Yuin Station is a pastoral lease and sheep station located in the Mid West region of Western Australia.

Situated approximately 75 km to the north-west of Yalgoo and 81 km northeast of Mullewa, the property occupies an area of 189807 ha and has a maximum carrying capacity of 15,370 sheep.

The station was established in 1870 by Thomas Burges and was one of the first settlements in the area.

In 1874 the Wittenooms moved 15,000 sheep from Bowes Station to Yuin. An outbreak of influenza wreaked havoc among the station employees in 1883. Sheep washing had just commenced at the station and the 25 crew members, all of whom were Aboriginal, were struck down, with several dying. Struck by drought between 1884 and 1886, the station had very little feed on the ground available for stock.

In 1888, following two days of heavy rain, the Greenough River flooded, inundating most of the station's buildings with the exception of the shearing shed and the store, which was surrounded by a dirt embankment. The men's quarters, the kitchen and one end of the overseer's house were washed away along with fencing and troughing. No stock losses were reported.

By 1906 the station was owned by William Burges but managed by Mr. F. Turnbull and was running 15,000 to 16,000 sheep. In 1912 the station expected to shear a flock of 15,000 sheep using all 10 stands in the shearing shed.

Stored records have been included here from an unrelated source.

(* Let $A$ be a finite alphabet, let $\mathbf{w}$ be an infinite LSP word over $A$ and let $f$ be a bLSP morphism on $A$. The following are equivalent: (1) $f(\mathbf{w})$ is not LSP; (2) there exist pairwise distinct letters $a,b,c$ such that $\mathbf{w}$ is $(a,b,c)$-fragile and the longest common prefix of $f(b)$ and $f(c)$ is strictly longer than the longest common prefix of $f(a)$ and $f(b)$; (3) there exist pairwise distinct letters $a,b,c$ such that $\mathbf{w}$ is $(a,b,c)$-fragile and $f$ is LSP $(a,b,c)$-breaking.
   Context: A finite word $u$ is a left special factor of a word $w$ if there are distinct letters $x\neq y$ with $xu$ and $yu$ factors of $w$. A word is LSP if every left special factor of it is a prefix of it. A bLSP morphism on $A$ is an endomorphism $f$ of $A^*$ such that there is a letter $\alpha$ with $f(\alpha)=\alpha$ and, for every letter $\beta\neq\alpha$, there is a letter $\gamma$ with $f(\beta)=f(\gamma)\beta$. For pairwise distinct letters $a,b,c$, an infinite word $\mathbf{w}$ is $(a,b,c)$-fragile if there exist a finite word $u$ and distinct letters $\beta\neq\gamma$ such that $ua$ is a prefix of $\mathbf{w}$ and $\beta ub$, $\gamma uc$ are factors of $\mathbf{w}$. A morphism $f$ is LSP $(a,b,c)$-breaking if for every $(a,b,c)$-fragile infinite LSP word $\mathbf{v}$, $f(\mathbf{v})$ is not LSP. *)

theory Defs
  imports Main "HOL-Library.Sublist"
begin
(* Let $n\ge 2$. The completely isolated subsemigroups of $\mathcal{I}^{\ast}_n$ are exactly $\mathcal{I}^{\ast}_n$, $\mathcal{S}_n$ and $\mathcal{I}^{\ast}_n\setminus\mathcal{S}_n$.
   Context: Let $X=\{1,\dots,n\}$, $X'=\{1',\dots,n'\}$. $\mathcal{I}^{\ast}_n$ is the set of partitions of $X\cup X'$ all of whose blocks meet both $X$ and $X'$, with product: regard $\alpha$ as a partition of $X\cup X''$ and $\beta$ as a partition of $X''\cup X'$ ($X''$ a third copy of $X$), and let $\alpha\beta$ be the partition of $X\cup X'$ induced by the equivalence on $X\cup X''\cup X'$ generated by the blocks of both. $\mathcal{S}_n$ is its group of units: the elements all of whose blocks are $\{x,\pi(x)'\}$ for a permutation $\pi$ of $X$. A subsemigroup $T$ of a semigroup $S$ is completely isolated if for all $a,b\in S$, $ab\in T$ implies $a\in T$ or $b\in T$. *)

theory Defs
  imports "HOL-Library.Disjoint_Sets"
begin

text \<open>Points of X \<union> X': (i,0) stands for i \<in> X, (i,1) for i' \<in> X'.
  In the product, level 0 is X, level 1 is X'' and level 2 is X'.\<close>

definition Pts :: "nat \<Rightarrow> (nat \<times> nat) set" where
  "Pts n = {1..n} \<times> {0, 1}"

definition Istar :: "nat \<Rightarrow> (nat \<times> nat) set set set" where
  "Istar n = {P. partition_on (Pts n) P \<and>
      (\<forall>B\<in>P. (\<exists>i. (i, 0) \<in> B) \<and> (\<exists>i. (i, 1) \<in> B))}"

definition blockrel :: "('a set) set \<Rightarrow> ('a \<times> 'a) set" where
  "blockrel P = (\<Union>B\<in>P. B \<times> B)"

definition shift_up :: "(nat \<times> nat) set set \<Rightarrow> (nat \<times> nat) set set" where
  "shift_up P = (\<lambda>B. (\<lambda>(i, l). (i, l + 1)) ` B) ` P"

definition outer :: "nat \<times> nat \<Rightarrow> nat \<times> nat" where
  "outer = (\<lambda>(i, l). (i, 2 * l))"

text \<open>The product: equivalence on X \<union> X'' \<union> X' generated by the blocks of both,
  restricted to X \<union> X' (levels 0 and 2), with level 2 renamed back to 1.\<close>
definition pmult :: "nat \<Rightarrow> (nat \<times> nat) set set \<Rightarrow> (nat \<times> nat) set set \<Rightarrow> (nat \<times> nat) set set" where
  "pmult n a b =
     (let R = (blockrel a \<union> blockrel (shift_up b))\<^sup>* in
      (\<lambda>x. {y \<in> Pts n. (outer x, outer y) \<in> R}) ` Pts n)"

definition Sn :: "nat \<Rightarrow> (nat \<times> nat) set set set" where
  "Sn n = {P \<in> Istar n. \<exists>\<pi>. bij_betw \<pi> {1..n} {1..n} \<and>
              P = (\<lambda>x. {(x, 0), (\<pi> x, 1)}) ` {1..n}}"

definition completely_isolated_subsemigroup ::
    "nat \<Rightarrow> (nat \<times> nat) set set set \<Rightarrow> bool" where
  "completely_isolated_subsemigroup n T \<longleftrightarrow>
     T \<noteq> {} \<and> T \<subseteq> Istar n \<and> (\<forall>a\<in>T. \<forall>b\<in>T. pmult n a b \<in> T) \<and>
     (\<forall>a\<in>Istar n. \<forall>b\<in>Istar n. pmult n a b \<in> T \<longrightarrow> a \<in> T \<or> b \<in> T)"

end

theory Submission
  imports Defs "HOL-Combinatorics.Cycles"
begin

Burges sold the station in 1928 to Cecil J. Levien for £100,000. The station occupied an area of 408000 acre and was running a flock of 30,000 sheep. It was also carrying 70 cattle and 20 horses and had a good homestead. By this stage the station had 45 mi of fencing and 46 wells equipped with windmills.

William Fremlin was the manager of the station at some point. He later ran all of the Atkins brothers' holdings, including Murgoo, Mount Narryer and Tibradden Station.

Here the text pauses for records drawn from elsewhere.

(* Let $1\leq s\leq r\leq n$ and $d=n+r+2$. For a general $n$-tuple $(A_1,\dots,A_n)\in X^{n,r,s}$, the corresponding local algebra has socle dimension $r-s+1$; equivalently $\dim_{\mathbb{K}}\bigcap_{i=1}^n\ker A_i=r-s+1$.
   Context: $\mathbb{K}$ is algebraically closed of characteristic zero. $X^{n,r,s}$ is the set of $n$-tuples $(A_1,\dots,A_n)$ of pairwise commuting $d\times d$ matrices over $\mathbb{K}$ for which there is a basis of $\mathbb{K}^d$ in which each $A_i$ has the block form $$A_i=\begin{bmatrix}0 & b_i^T & c_i^T & 0\\ 0&0&D_i&0\\ 0&0&0&f_i\\ 0&0&0&0\end{bmatrix}$$ with diagonal blocks of sizes $1,r,n,1$, where $b_i\in\mathbb{K}^r$, $c_i,f_i\in\mathbb{K}^n$, $D_i\in\mathbb{K}^{r\times n}$, such that $f_1,\dots,f_n$ are linearly independent, $\bigcap_i\ker D_i^T=0$, and $\dim\operatorname{Span}\{b_1,\dots,b_n\}=s$. Such a tuple has a cyclic vector $v$ (the last basis vector) and corresponds to the local algebra $R/I$, $R=\mathbb{K}[\alpha_1,\dots,\alpha_n]$, where $I$ is the kernel of $f\mapsto f(A_1,\dots,A_n)v$; its socle dimension equals $\dim\bigcap_i\ker A_i$. "General" means: for all tuples in a nonempty open subset of $X^{n,r,s}$. *)

theory Defs
  imports "Jordan_Normal_Form.Matrix_Kernel" "Jordan_Normal_Form.VS_Connect"
          "HOL-Computational_Algebra.Polynomial"
begin

definition subspace_dim :: "nat \<Rightarrow> 'a::field vec set \<Rightarrow> nat" where
  "subspace_dim m W = vectorspace.dim class_ring ((module_vec TYPE('a) m)\<lparr>carrier := W\<rparr>)"
(* Let $G$ be a triangular graph and run the procedure described in the context on $G$, starting with two vertices of the outer triangle as the distinguished vertices $v_1,v_2$ (clockwise consecutive, with the edge $v_1v_2$ given some orientation). Then the orientation of $G$ constructed by the procedure contains no clockwise oriented triangle, i.e., no directed cycle of length $3$ that is traversed clockwise in the plane embedding.
   Context: A triangular graph is a plane graph with at least 3 vertices all of whose faces, including the outer one, are triangles. A near triangulation is a 2-connected plane graph whose outer face is bounded by a cycle (the outer cycle) and all of whose inner faces are triangles. The procedure: its input is a near triangulation $H$ with two distinguished vertices $v_1,v_2$ such that $v_2$ immediately follows $v_1$ clockwise on the outer cycle; the edge $v_1v_2$ is already oriented, other edges are not. It orients every edge and gives each edge a strength 1 or 2, as follows. (Recursive step) If the outer cycle has a chord $v_av_b$, it splits the outer cycle into cycles $C_1$ (containing $v_1,v_2$) and $C_2$; let $H_1,H_2$ be the subgraphs formed by $C_1$, $C_2$ with their interiors. Run the procedure first on $H_1$ with distinguished vertices $v_1,v_2$, and then on $H_2$ with the endpoints of the chord as distinguished vertices, ordered so that the second immediately follows the first clockwise on the outer cycle of $H_2$ (the chord has been oriented during the run on $H_1$). (Orienting step) If the outer cycle has no chord, let $v_3$ be the vertex immediately following $v_2$ clockwise on the outer cycle. Every edge of the current graph incident to $v_3$ that lies on the outer cycle is oriented towards $v_3$ and given strength 1; every other edge of the current graph incident to $v_3$ is oriented away from $v_3$ and given strength 2. Then $v_3$ is deleted, and if vertices other than $v_1,v_2$ remain, the procedure is called recursively on the remaining graph with the same distinguished vertices $v_1,v_2$. *)

theory Defs
  imports "HOL-Complex_Analysis.Complex_Analysis"
begin

text \<open>Plane graphs are encoded geometrically: vertices are points of the complex plane,
  an (undirected, simple) edge is a two-element set of vertices, and the drawing of the edge
  between u and v is the arc gam u v (gam v u is its reverse).\<close>

type_synonym drawing = "complex \<Rightarrow> complex \<Rightarrow> real \<Rightarrow> complex"

definition plane_graph :: "drawing \<Rightarrow> complex set \<Rightarrow> complex set set \<Rightarrow> bool" where
  "plane_graph gam V E \<longleftrightarrow>
     finite V \<and>
     (\<forall>e\<in>E. \<exists>u v. e = {u, v} \<and> u \<noteq> v \<and> u \<in> V \<and> v \<in> V) \<and>
     (\<forall>u v. {u, v} \<in> E \<longrightarrow> u \<noteq> v \<longrightarrow>
        arc (gam u v) \<and> pathstart (gam u v) = u \<and> pathfinish (gam u v) = v \<and>
        gam v u = reversepath (gam u v) \<and> path_image (gam u v) \<inter> V = {u, v}) \<and>
     (\<forall>u v x y. {u, v} \<in> E \<longrightarrow> {x, y} \<in> E \<longrightarrow> {u, v} \<noteq> {x, y} \<longrightarrow>
        path_image (gam u v) \<inter> path_image (gam x y) \<subseteq> {u, v} \<inter> {x, y})"

definition drawn :: "drawing \<Rightarrow> complex set \<Rightarrow> complex set set \<Rightarrow> complex set" where
  "drawn gam W F = W \<union> \<Union>{path_image (gam u v) | u v. {u, v} \<in> F \<and> u \<noteq> v}"

definition faces :: "drawing \<Rightarrow> complex set \<Rightarrow> complex set set \<Rightarrow> complex set set" where
  "faces gam W F = components (- drawn gam W F)"

fun walk_path :: "drawing \<Rightarrow> complex list \<Rightarrow> real \<Rightarrow> complex" where
  "walk_path gam (u # v # w # rest) = gam u v +++ walk_path gam (v # w # rest)"
| "walk_path gam [u, v] = gam u v"
| "walk_path gam _ = linepath 0 0"

definition cycle_path :: "drawing \<Rightarrow> complex list \<Rightarrow> real \<Rightarrow> complex" where
  "cycle_path gam cs = walk_path gam (cs @ [hd cs])"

Tragedy struck the station in 1949 when a 38-year-old Aboriginal employee, Don Wheelock, was thrown from his horse and died as a result of his injuries.

Douglas Charles Foulkes Taylor bought into the station in 1928 after he left the goldfields at Leonora where he had managed Glenorn Station. When Foulkes Taylor died in 1953 he left an estate valued for probate at £65,702.

Ross and Emma Foulkes Taylor owned Yuin in 2006 when the property was inundated with 128 mm of rain in less than 24 hours after Cyclone Clare crossed the Western Australian coastline. The homestead was flooded and much of the surrounding area submerged.